**TASK ITEM**.
In the listing below, start your output at the line with "M z \<Longrightarrow>" and end it after the line with "norm (f (z_at", copying every line exactly.

**ENTRIES SHOWN**.

lemma direction_error_bound:
  fixes t :: nat
  defines "G \<equiv> (\<integral>\<omega>. (norm (grad_avg (z_at t \<omega>)))\<^sup>2 \<partial>M)"
    and "E \<equiv> (1 / real N) * (\<Sum>i<N. \<integral>\<omega>. (norm (gradf i (z_at t \<omega>) + c_at t i \<omega> - grad_avg (z_at t \<omega>)))\<^sup>2 \<partial>M)"
  shows "(\<integral>\<omega>. (norm (delta_avg t \<omega> - grad_avg (z_at t \<omega>)))\<^sup>2 \<partial>M)
    \<le> 24 * \<beta>\<^sup>2 * (real K)\<^sup>2 * L\<^sup>2 * (G + E) + 2 * \<sigma>\<^sup>2 / (real B * real K)
      + 6 * \<beta>\<^sup>2 * (real K)\<^sup>2 * L\<^sup>2 * \<sigma>\<^sup>2 / real B"
proof -
  define e where "e i = (\<integral>\<omega>. (norm (delta_at t i \<omega> - gradf i (z_at t \<omega>) - c_at t i \<omega>))\<^sup>2 \<partial>M)" for i
  define A where "A i = (\<integral>\<omega>. (norm (gradf i (z_at t \<omega>) + c_at t i \<omega>))\<^sup>2 \<partial>M)" for i
  define c1 where "c1 = 48 / 7 * L\<^sup>2 * \<beta>\<^sup>2 * (real K - 1) * \<sigma>\<^sup>2 / real B"
  define c2 where "c2 = 48 / 7 * L\<^sup>2 * \<beta>\<^sup>2 * (real K - 1)\<^sup>2"
  have "(\<integral>\<omega>. (norm (delta_avg t \<omega> - grad_avg (z_at t \<omega>)))\<^sup>2 \<partial>M) \<le> (1 / real N) * (\<Sum>i<N. e i)"
    unfolding e_def by (rule expected_direction_error_le)
  also have "\<dots> \<le> (1 / real N) * (\<Sum>i<N. 2 * \<sigma>\<^sup>2 / (real K * real B) + c1 + c2 * A i)"
  proof (intro mult_left_mono sum_mono)
    fix i assume "i \<in> {..<N}"
    then have "e i
        \<le> 2 * \<sigma>\<^sup>2 / (real K * real B) + 48 / 7 * L\<^sup>2 * \<beta>\<^sup>2 * (real K - 1) * (\<sigma>\<^sup>2 / real B + (real K - 1) * A i)"
      unfolding e_def A_def by (intro client_error_bound) simp
    also have "\<dots> = 2 * \<sigma>\<^sup>2 / (real K * real B) + c1 + c2 * A i"
      unfolding c1_def c2_def using B_pos by (simp add: field_simps power2_eq_square)
    finally show "e i \<le> 2 * \<sigma>\<^sup>2 / (real K * real B) + c1 + c2 * A i" .
  qed simp
  also have "\<dots> = 2 * \<sigma>\<^sup>2 / (real K * real B) + c1 + c2 * ((1 / real N) * (\<Sum>i<N. A i))"
    using N_pos by (simp add: sum.distrib sum_distrib_left[symmetric] field_simps)
  also have "c2 * ((1 / real N) * (\<Sum>i<N. A i)) \<le> c2 * ((1 / real N) * (\<Sum>i<N. 2 * (\<integral>\<omega>. (norm (gradf i (z_at t \<omega>)
      + c_at t i \<omega> - grad_avg (z_at t \<omega>)))\<^sup>2 \<partial>M) + 2 * G))"
    unfolding A_def G_def c2_def using expected_grad_control_sq_le
    by (intro mult_left_mono sum_mono) auto
  also have "\<dots> = c2 * (2 * (E + G))"
    using N_pos by (simp add: E_def sum.distrib sum_distrib_left[symmetric] field_simps)
  also have "c2 * (2 * (E + G)) \<le> 24 * \<beta>\<^sup>2 * (real K)\<^sup>2 * L\<^sup>2 * (G + E)"
  proof -
    have "0 \<le> E + G"
      unfolding E_def G_def by (intro add_nonneg_nonneg mult_nonneg_nonneg sum_nonneg integral_nonneg_AE) auto
    then have "96 / 7 * (real K - 1)\<^sup>2 * (L\<^sup>2 * \<beta>\<^sup>2 * (E + G)) \<le> 24 * (real K)\<^sup>2 * (L\<^sup>2 * \<beta>\<^sup>2 * (E + G))"
      using K_pos by (intro mult_right_mono drift_constants_le) auto
    then show ?thesis unfolding c2_def by (simp add: algebra_simps)
  qed
  also have "c1 \<le> 6 * \<beta>\<^sup>2 * (real K)\<^sup>2 * L\<^sup>2 * \<sigma>\<^sup>2 / real B"
  proof -
    have "48 / 7 * (real K - 1) * (L\<^sup>2 * \<beta>\<^sup>2 * \<sigma>\<^sup>2 / real B) \<le> 6 * (real K)\<^sup>2 * (L\<^sup>2 * \<beta>\<^sup>2 * \<sigma>\<^sup>2 / real B)"
      using K_pos by (intro mult_right_mono drift_constants_le) auto
    then show ?thesis unfolding c1_def by (simp add: algebra_simps)
  qed
  finally show ?thesis by (simp add: mult.commute)
qed

section \<open>Expected descent\<close>

definition descent_bound :: "real \<Rightarrow> nat \<Rightarrow> 'w \<Rightarrow> real" where
  "descent_bound Bh t \<omega> =
     - (\<alpha> - 2 * (\<rho> + L) * \<alpha>\<^sup>2) / 4 * (norm (Gmap \<alpha> h (z_at t \<omega>) (delta_avg t \<omega>)))\<^sup>2
     - \<alpha> / 8 * (norm (Gmap \<alpha> h (z_at t \<omega>) (grad_avg (z_at t \<omega>))))\<^sup>2
     - \<alpha> / 16 * (norm (grad_avg (z_at t \<omega>)))\<^sup>2 + \<alpha> * Bh / 8
     + \<alpha> * (2 + 1 / (1 - \<alpha> * \<rho>)\<^sup>2) / 2 * (norm (delta_avg t \<omega> - grad_avg (z_at t \<omega>)))\<^sup>2"

lemma objective_step_le_descent_bound:
  fixes f :: "'a \<Rightarrow> real"
  assumes f_upper: "\<And>x z. f x \<le> f z + grad_avg z \<bullet> (x - z) + L / 2 * (norm (x - z))\<^sup>2"
    and subgrad_bound: "\<forall>x. \<forall>v\<in>frechet_subdiff h x. (norm v)\<^sup>2 \<le> Bh"
  shows "f (z_at (Suc t) \<omega>) + h (z_at (Suc t) \<omega>) - (f (z_at t \<omega>) + h (z_at t \<omega>)) \<le> descent_bound Bh t \<omega>"
  unfolding server_pt_Suc descent_bound_def
  using prox_step_descent[OF f_upper subgrad_bound, of "z_at t \<omega>" "delta_avg t \<omega>"] .

lemma square_integrable_Gmap:
  "square_integrable M z \<Longrightarrow> square_integrable M u \<Longrightarrow> square_integrable M (\<lambda>\<omega>. Gmap \<alpha> h (z \<omega>) (u \<omega>))"
  unfolding Gmap_def by (intro square_integrable_scaleR square_integrable_diff square_integrable_prox)

lemma integrable_descent_bound: "integrable M (descent_bound Bh t)"
proof -
  note sq = square_integrable_z_at square_integrable_delta_avg square_integrable_grad_avg[OF square_integrable_z_at]
  show ?thesis
    unfolding descent_bound_def
    using square_integrableD(2)[OF square_integrable_Gmap[OF sq(1,2)]]
      square_integrableD(2)[OF square_integrable_Gmap[OF sq(1,3)]] square_integrableD(2)[OF sq(3)]
      square_integrableD(2)[OF square_integrable_diff[OF sq(2,3)]]
    by (intro Bochner_Integration.integrable_add Bochner_Integration.integrable_diff
        Bochner_Integration.integrable_mult_right) auto
qed

lemma integrable_objective:
  fixes f :: "'a \<Rightarrow> real"
  assumes f_upper: "\<And>x z. f x \<le> f z + grad_avg z \<bullet> (x - z) + L / 2 * (norm (x - z))\<^sup>2"
    and subgrad_bound: "\<forall>x. \<forall>v\<in>frechet_subdiff h x. (norm v)\<^sup>2 \<le> Bh"
    and f_cont: "continuous_on UNIV f" and lower: "\<And>x. m \<le> f x + h x"
  shows "integrable M (\<lambda>\<omega>. f (z_at t \<omega>) + h (z_at t \<omega>))"
proof (induction t)
  case 0
  then show ?case by (simp add: server_pt_def)
next
  case (Suc t)
  show ?case
  proof (rule Bochner_Integration.integrable_bound)
    show "integrable M (\<lambda>\<omega>. \<bar>m\<bar> + \<bar>f (z_at t \<omega>) + h (z_at t \<omega>)\<bar> + \<bar>descent_bound Bh t \<omega>\<bar>)"
      using Suc integrable_descent_bound by (intro Bochner_Integration.integrable_add) (auto intro: integrable_abs)
    show "(\<lambda>\<omega>. f (z_at (Suc t) \<omega>) + h (z_at (Suc t) \<omega>)) \<in> borel_measurable M"
      using square_integrableD(1)[OF square_integrable_z_at]
      by (intro borel_measurable_continuous_on[where f="\<lambda>x. f x + h x"] continuous_intros f_cont continuous_on_h)
    show "AE \<omega> in M. norm (f (z_at (Suc t) \<omega>) + h (z_at (Suc t) \<omega>))
        \<le> norm (\<bar>m\<bar> + \<bar>f (z_at t \<omega>) + h (z_at t \<omega>)\<bar> + \<bar>descent_bound Bh t \<omega>\<bar>)"
      using lower objective_step_le_descent_bound[OF f_upper subgrad_bound, where t=t]
      by (intro AE_I2) (smt (verit) real_norm_def)
  qed
qed

lemma expected_descent:
  fixes f :: "'a \<Rightarrow> real"
  assumes f_upper: "\<And>x z. f x \<le> f z + grad_avg z \<bullet> (x - z) + L / 2 * (norm (x - z))\<^sup>2"
    and subgrad_bound: "\<forall>x. \<forall>v\<in>frechet_subdiff h x. (norm v)\<^sup>2 \<le> Bh"
    and f_cont: "continuous_on UNIV f" and lower: "\<And>x. m \<le> f x + h x"
  defines "\<delta> \<equiv> 1 / (1 - \<alpha> * \<rho>)\<^sup>2"
  shows "(\<integral>\<omega>. f (z_at (Suc t) \<omega>) + h (z_at (Suc t) \<omega>) - (f (z_at t \<omega>) + h (z_at t \<omega>)) \<partial>M)
   \<le> - (\<alpha> - 2 * (\<rho> + L) * \<alpha>\<^sup>2) / 4 * (\<integral>\<omega>. (norm (Gmap \<alpha> h (z_at t \<omega>) (delta_avg t \<omega>)))\<^sup>2 \<partial>M)
      - \<alpha> / 8 * (\<integral>\<omega>. (norm (Gmap \<alpha> h (z_at t \<omega>) (grad_avg (z_at t \<omega>))))\<^sup>2 \<partial>M)
      - (\<alpha> / 16 - 12 * (2 + \<delta>) * \<alpha> * \<beta>\<^sup>2 * (real K)\<^sup>2 * L\<^sup>2) * (\<integral>\<omega>. (norm (grad_avg (z_at t \<omega>)))\<^sup>2 \<partial>M)
      + \<alpha> * Bh / 8
      + 12 * (2 + \<delta>) * \<alpha> * \<beta>\<^sup>2 * (real K)\<^sup>2 * L\<^sup>2 * ((1 / real N) * (\<Sum>i<N. \<integral>\<omega>.
            (norm (gradf i (z_at t \<omega>) + c_at t i \<omega> - grad_avg (z_at t \<omega>)))\<^sup>2 \<partial>M))
      + \<alpha> * (2 + \<delta>) * (1 + 3 * \<beta>\<^sup>2 * (real K)^3 * L\<^sup>2) * \<sigma>\<^sup>2 / (real B * real K)"
proof -
  define a1 where "a1 = (\<integral>\<omega>. (norm (Gmap \<alpha> h (z_at t \<omega>) (delta_avg t \<omega>)))\<^sup>2 \<partial>M)"
  define a2 where "a2 = (\<integral>\<omega>. (norm (Gmap \<alpha> h (z_at t \<omega>) (grad_avg (z_at t \<omega>))))\<^sup>2 \<partial>M)"
  define G where "G = (\<integral>\<omega>. (norm (grad_avg (z_at t \<omega>)))\<^sup>2 \<partial>M)"
  define E where "E = (1 / real N) * (\<Sum>i<N. \<integral>\<omega>. (norm (gradf i (z_at t \<omega>) + c_at t i \<omega> - grad_avg (z_at t \<omega>)))\<^sup>2 \<partial>M)"
  define e where "e = (\<integral>\<omega>. (norm (delta_avg t \<omega> - grad_avg (z_at t \<omega>)))\<^sup>2 \<partial>M)"
  note sq = square_integrable_z_at square_integrable_delta_avg square_integrable_grad_avg[OF square_integrable_z_at]
  have "(\<integral>\<omega>. f (z_at (Suc t) \<omega>) + h (z_at (Suc t) \<omega>) - (f (z_at t \<omega>) + h (z_at t \<omega>)) \<partial>M)
      \<le> (\<integral>\<omega>. descent_bound Bh t \<omega> \<partial>M)"
    using integrable_objective[OF f_upper subgrad_bound f_cont lower] integrable_descent_bound
      objective_step_le_descent_bound[OF f_upper subgrad_bound]
    by (intro integral_mono Bochner_Integration.integrable_diff) auto
  also have "(\<integral>\<omega>. descent_bound Bh t \<omega> \<partial>M)
      = - (\<alpha> - 2 * (\<rho> + L) * \<alpha>\<^sup>2) / 4 * a1 - \<alpha> / 8 * a2 - \<alpha> / 16 * G + \<alpha> * Bh / 8 + \<alpha> * (2 + \<delta>) / 2 * e"
    unfolding descent_bound_def a1_def a2_def G_def e_def \<delta>_def
    using square_integrableD(2)[OF square_integrable_Gmap[OF sq(1,2)]]
      square_integrableD(2)[OF square_integrable_Gmap[OF sq(1,3)]] square_integrableD(2)[OF sq(3)]
      square_integrableD(2)[OF square_integrable_diff[OF sq(2,3)]]
    by (simp add: Bochner_Integration.integral_add Bochner_Integration.integral_diff
        Bochner_Integration.integrable_add Bochner_Integration.integrable_diff P.prob_space)
  also have "\<alpha> * (2 + \<delta>) / 2 * e \<le> \<alpha> * (2 + \<delta>) / 2 * (24 * \<beta>\<^sup>2 * (real K)\<^sup>2 * L\<^sup>2 * (G + E)
      + 2 * \<sigma>\<^sup>2 / (real B * real K) + 6 * \<beta>\<^sup>2 * (real K)\<^sup>2 * L\<^sup>2 * \<sigma>\<^sup>2 / real B)"
    unfolding e_def G_def E_def \<delta>_def using alpha_pos by (intro mult_left_mono direction_error_bound) auto
  also have "\<dots> = 12 * (2 + \<delta>) * \<alpha> * \<beta>\<^sup>2 * (real K)\<^sup>2 * L\<^sup>2 * G + 12 * (2 + \<delta>) * \<alpha> * \<beta>\<^sup>2 * (real K)\<^sup>2 * L\<^sup>2 * E
      + \<alpha> * (2 + \<delta>) * (1 + 3 * \<beta>\<^sup>2 * (real K)^3 * L\<^sup>2) * \<sigma>\<^sup>2 / (real B * real K)"
    using B_pos K_pos by (simp add: field_simps power2_eq_square power3_eq_cube)
  finally show ?thesis unfolding a1_def[symmetric] a2_def[symmetric] G_def[symmetric] E_def[symmetric]
    by (simp add: left_diff_distrib)
qed

end

lemma mean_upper_quadratic:
  fixes fi :: "nat \<Rightarrow> 'a::real_inner \<Rightarrow> real"
  assumes "\<forall>i<N. \<forall>x y. fi i x - fi i y - gradf i y \<bullet> (x - y) \<le> L / 2 * (norm (x - y))\<^sup>2" and "N > 0"
  shows "(1 / real N) * (\<Sum>i<N. fi i x)
    \<le> (1 / real N) * (\<Sum>i<N. fi i z) + ((1 / real N) *\<^sub>R (\<Sum>i<N. gradf i z)) \<bullet> (x - z) + L / 2 * (norm (x - z))\<^sup>2"
proof -
  have "(\<Sum>i<N. fi i x - fi i z - gradf i z \<bullet> (x - z)) \<le> real (card {..<N}) * (L / 2 * (norm (x - z))\<^sup>2)"
    using assms(1) by (intro sum_bounded_above) auto
  then have "(\<Sum>i<N. fi i x) - (\<Sum>i<N. fi i z) - (\<Sum>i<N. gradf i z) \<bullet> (x - z) \<le> real N * (L / 2 * (norm (x - z))\<^sup>2)"
    by (simp add: sum_subtractf inner_sum_left)
  then show ?thesis
    using assms(2) by (simp add: field_simps)
qed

**COMPLETED EXERCISE**.
  "square_integrable M z \<Longrightarrow> square_integrable M u \<Longrightarrow> square_integrable M (\<lambda>\<omega>. Gmap \<alpha> h (z \<omega>) (u \<omega>))"
  unfolding Gmap_def by (intro square_integrable_scaleR square_integrable_diff square_integrable_prox)

lemma integrable_descent_bound: "integrable M (descent_bound Bh t)"
proof -
  note sq = square_integrable_z_at square_integrable_delta_avg square_integrable_grad_avg[OF square_integrable_z_at]
  show ?thesis
    unfolding descent_bound_def
    using square_integrableD(2)[OF square_integrable_Gmap[OF sq(1,2)]]
      square_integrableD(2)[OF square_integrable_Gmap[OF sq(1,3)]] square_integrableD(2)[OF sq(3)]
      square_integrableD(2)[OF square_integrable_diff[OF sq(2,3)]]
    by (intro Bochner_Integration.integrable_add Bochner_Integration.integrable_diff
        Bochner_Integration.integrable_mult_right) auto
qed

lemma integrable_objective:
  fixes f :: "'a \<Rightarrow> real"
  assumes f_upper: "\<And>x z. f x \<le> f z + grad_avg z \<bullet> (x - z) + L / 2 * (norm (x - z))\<^sup>2"
    and subgrad_bound: "\<forall>x. \<forall>v\<in>frechet_subdiff h x. (norm v)\<^sup>2 \<le> Bh"
    and f_cont: "continuous_on UNIV f" and lower: "\<And>x. m \<le> f x + h x"
  shows "integrable M (\<lambda>\<omega>. f (z_at t \<omega>) + h (z_at t \<omega>))"
proof (induction t)
  case 0
  then show ?case by (simp add: server_pt_def)
next
  case (Suc t)
  show ?case
  proof (rule Bochner_Integration.integrable_bound)
    show "integrable M (\<lambda>\<omega>. \<bar>m\<bar> + \<bar>f (z_at t \<omega>) + h (z_at t \<omega>)\<bar> + \<bar>descent_bound Bh t \<omega>\<bar>)"
      using Suc integrable_descent_bound by (intro Bochner_Integration.integrable_add) (auto intro: integrable_abs)
    show "(\<lambda>\<omega>. f (z_at (Suc t) \<omega>) + h (z_at (Suc t) \<omega>)) \<in> borel_measurable M"
      using square_integrableD(1)[OF square_integrable_z_at]
      by (intro borel_measurable_continuous_on[where f="\<lambda>x. f x + h x"] continuous_intros f_cont continuous_on_h)
    show "AE \<omega> in M. norm (f (z_at (Suc t) \<omega>) + h (z_at (Suc t) \<omega>))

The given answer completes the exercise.